Плазменные биомаркеры предлагают новые подсказки в диагностике болезни Альцгеймера
Как новые плазменные биомаркеры связаны с диагностическими тестами, которые в настоящее время используются в клинических процедурах? И можно ли перенести более ранние данные, полученные в результате высокоселективных исследовательских когорт, на гетерогенные данные реального мира? Исследователи из Каролинского института попытались ответить на эти вопросы в исследовании, опубликованном в eBioMedicine .
14 ноября 2024 года Европейское агентство по лекарственным средствам (EMA) впервые рекомендовало препарат, предназначенный для замедления прогрессирования болезни Альцгеймера. Это событие еще раз подчеркивает необходимость скрининговых тестов, способных выявлять людей на бессимптомной, ранней стадии заболевания — до того, как произойдут необратимые изменения.
Анализы крови многообещающие
При болезни Альцгеймера (БА) важную роль играют определенные белки мозга, называемые тау-белками. Обычно тау-белки помогают стабилизировать структуры в клетках мозга, но при БА эти белки аномально изменяются (фосфорилируются) и начинают слипаться. Это приводит к тому, что клетки мозга начинают хуже функционировать и в конечном итоге умирают.
Анализы на основе крови являются перспективными кандидатами на роль биомаркеров, которые в настоящее время демонстрируют высокую точность в исследовательских когортах.

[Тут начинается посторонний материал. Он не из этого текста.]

(* (a) The map $S\mapsto C(S)$ is a bijection from the set of subsets of $[n]=\{1,\dots,n\}$ to the set of chambers of $I(\mathfrak{gl}_n,V\oplus\bigwedge^2)$; in particular this arrangement has $2^n$ chambers. (b) For $S\subseteq[n]$ and $1\le\ell\le n$ let $\pi_\ell^S=|S\cap[n-\ell+1,\infty)|$ and \[ e_\ell^S=(\underbrace{1,\dots,1}_{\pi_\ell^S},\underbrace{0,\dots,0}_{n-\ell},\underbrace{-1,\dots,-1}_{\ell-\pi_\ell^S})\in\mathbb{R}^n. \] Then the extreme rays of $C(S)$ are the rays generated by $e_1^S,\dots,e_n^S$, and $e_1^S,\dots,e_n^S$ non-negatively span $C(S)$. In particular every chamber is a simplicial cone (the arrangement is simplicial).
   Context: Identify the diagonal Cartan subalgebra of $\mathfrak{gl}_n$ with $\mathbb{R}^n$ with coordinates $x_1,\dots,x_n$. Let $W=\{x_1\ge\cdots\ge x_n\}$ and $W^0=\{x_1>\cdots>x_n\}$. For $1\le i\le j\le n$ let $\lambda_{i,j}^\perp$ be the hyperplane $x_i+x_j=0$ (for $i=j$: $x_i=0$); $I(\mathfrak{gl}_n,V\oplus\bigwedge^2)$ is the arrangement of these hyperplanes restricted to $W$. Chambers are the closures of the connected components of $W^0\setminus\bigcup\lambda_{i,j}^\perp$; a face is a chamber or the intersection of a chamber with a supporting hyperplane; an extreme ray is a face that is a half-line. For $S=\{a_1>a_2>\cdots>a_k\}\subseteq[n]$, $C(S)$ is the subset of $W$ on which, for all $1\le i\le j\le n$: $x_i+x_j\ge0$ if $i\le k$ and $j\le i+a_i-1$, and $x_i+x_j\le0$ otherwise (equivalently, in the right-justified tableau of signs of $x_i+x_j$, row $i$ has exactly $a_i$ plus signs for $i\le k$ and none for $i>k$). *)

theory Defs
  imports "HOL-Analysis.Analysis"
begin
(* Let $\lambda\in\mathbb{C}$, $\lambda\ne1$, $\alpha\in\mathbb{C}$, $c\in\mathbb{C}\setminus\{0\}$, and let $S_n(x)\sim\left(\left(\frac{e^{(\lambda-1)t}-\lambda}{1-\lambda}\right)^{\alpha},\ \frac{t^2(1+t)^c}{\log(1+t)}\right)$. Then for $n\ge1$, $$S_n(x)=\sum_{l=0}^{n-1}\binom{n-1}{l}N_l^{(n)}(-nc)\,A_{n-l}^{(\alpha)}(x\mid\lambda).$$
   Context: For invertible $g(t)$ (nonzero constant term) and delta series $f(t)$ ($f(0)=0$, nonzero coefficient of $t$), the Sheffer sequence $S_n(x)\sim(g(t),f(t))$ is the unique polynomial sequence with $\sum_{k\ge0}S_k(y)\frac{t^k}{k!}=\frac{1}{g(\bar f(t))}e^{y\bar f(t)}$ for all $y\in\mathbb{C}$, where $\bar f$ is the compositional inverse of $f$. Complex powers of series with constant term $1$ are defined by $h^a=\exp(a\log h)$. The Narumi polynomials of order $a$ are defined by $\left(\frac{\log(1+t)}{t}\right)^a(1+t)^x=\sum_{n\ge0}N_n^{(a)}(x)\frac{t^n}{n!}$. The Frobenius-type Eulerian polynomials of order $\alpha$ are defined by $\left(\frac{1-\lambda}{e^{(\lambda-1)t}-\lambda}\right)^{\alpha}e^{xt}=\sum_{n\ge0}A_n^{(\alpha)}(x\mid\lambda)\frac{t^n}{n!}$. *)

theory Defs
  imports "HOL-Computational_Algebra.Computational_Algebra"
begin

abbreviation fps_log1p :: "complex fps" where
  "fps_log1p \<equiv> fps_ln 1"

text \<open>Complex power of a series h with constant term 1: h^a = exp(a log h),
  where log h = log(1 + (h - 1)).\<close>
definition fps_powc :: "complex fps \<Rightarrow> complex \<Rightarrow> complex fps" where
  "fps_powc h a = fps_exp a oo (fps_log1p oo (h - 1))"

Но как изменения уровней этих плазменных биомаркеров действительно соответствуют базовой патологии AD — и как их результаты можно интерпретировать в связи с биологическими изменениями и стадиями заболевания, отслеживаемыми диагностическими инструментами в клинической практике в больницах в течение многих лет — остается неясным.
Разнообразная группа пациентов
В этом исследовании ученые проанализировали данные когорты пациентов клиники памяти, изучив уровни биомаркеров плазмы в сочетании со стандартными диагностическими тестами и биологической стадией заболевания.
Таким образом, когорта состояла из разнообразной группы пациентов с различными патологиями, отобранных из числа лиц, обратившихся за медицинской помощью в больницу Каролинского университета из-за жалоб на проблемы с памятью.
Доктор Марина Блюма, научный сотрудник кафедры нейробиологии, медицинских наук и общества и первый автор, поясняет: «Ранние исследования плазменных биомаркеров в основном проводились в хорошо контролируемых, основанных на исследованиях когортах, где пациенты строго отбирались на основе определенных критериев включения и исключения.
«Хотя это имеет первостепенное значение — обеспечение высокой однородности, повышение статистической мощности анализов и обеспечение лучшего контроля над искажающими факторами — как только мы перейдем к следующему этапу проверки биомаркеров , мы будем искать реальные доказательства для получения информации, которая улучшит интерпретируемость и применимость этих тестов в целевых группах населения».
pTau217 — двойной маркер
Исследование показало, что все протестированные плазменные биомаркеры (за исключением NfL) были связаны с накоплением неправильно свернутого амилоида в мозге, что подчеркивает роль амилоида в фосфорилировании тау.
«Эти результаты соответствуют другим недавним отчетам по этой теме и дополняют появляющиеся доказательства того, что плазменный pTau217 является двойным маркером патологии амилоида и тау», — говорит доктор Блюма. «В отличие от этих биомаркеров, повышенные уровни NfL были более показательными для атрофии мозга и пожилого возраста».
Среди протестированных биомаркеров только плазменные уровни pTau217 хорошо объяснялись клиническими переменными, в то время как более 70% вариаций других плазменных биомаркеров остались необъясненными.
Эти исследования обеспечивают более глубокое понимание сложных взаимосвязей между новыми биомаркерами плазмы и текущими традиционными диагностическими инструментами. Исследователи надеются, что эти новые знания приведут к повышению доступности ранних диагностических маркеров и, таким образом, к повышению эффективности лечения болезни Альцгеймера в будущем.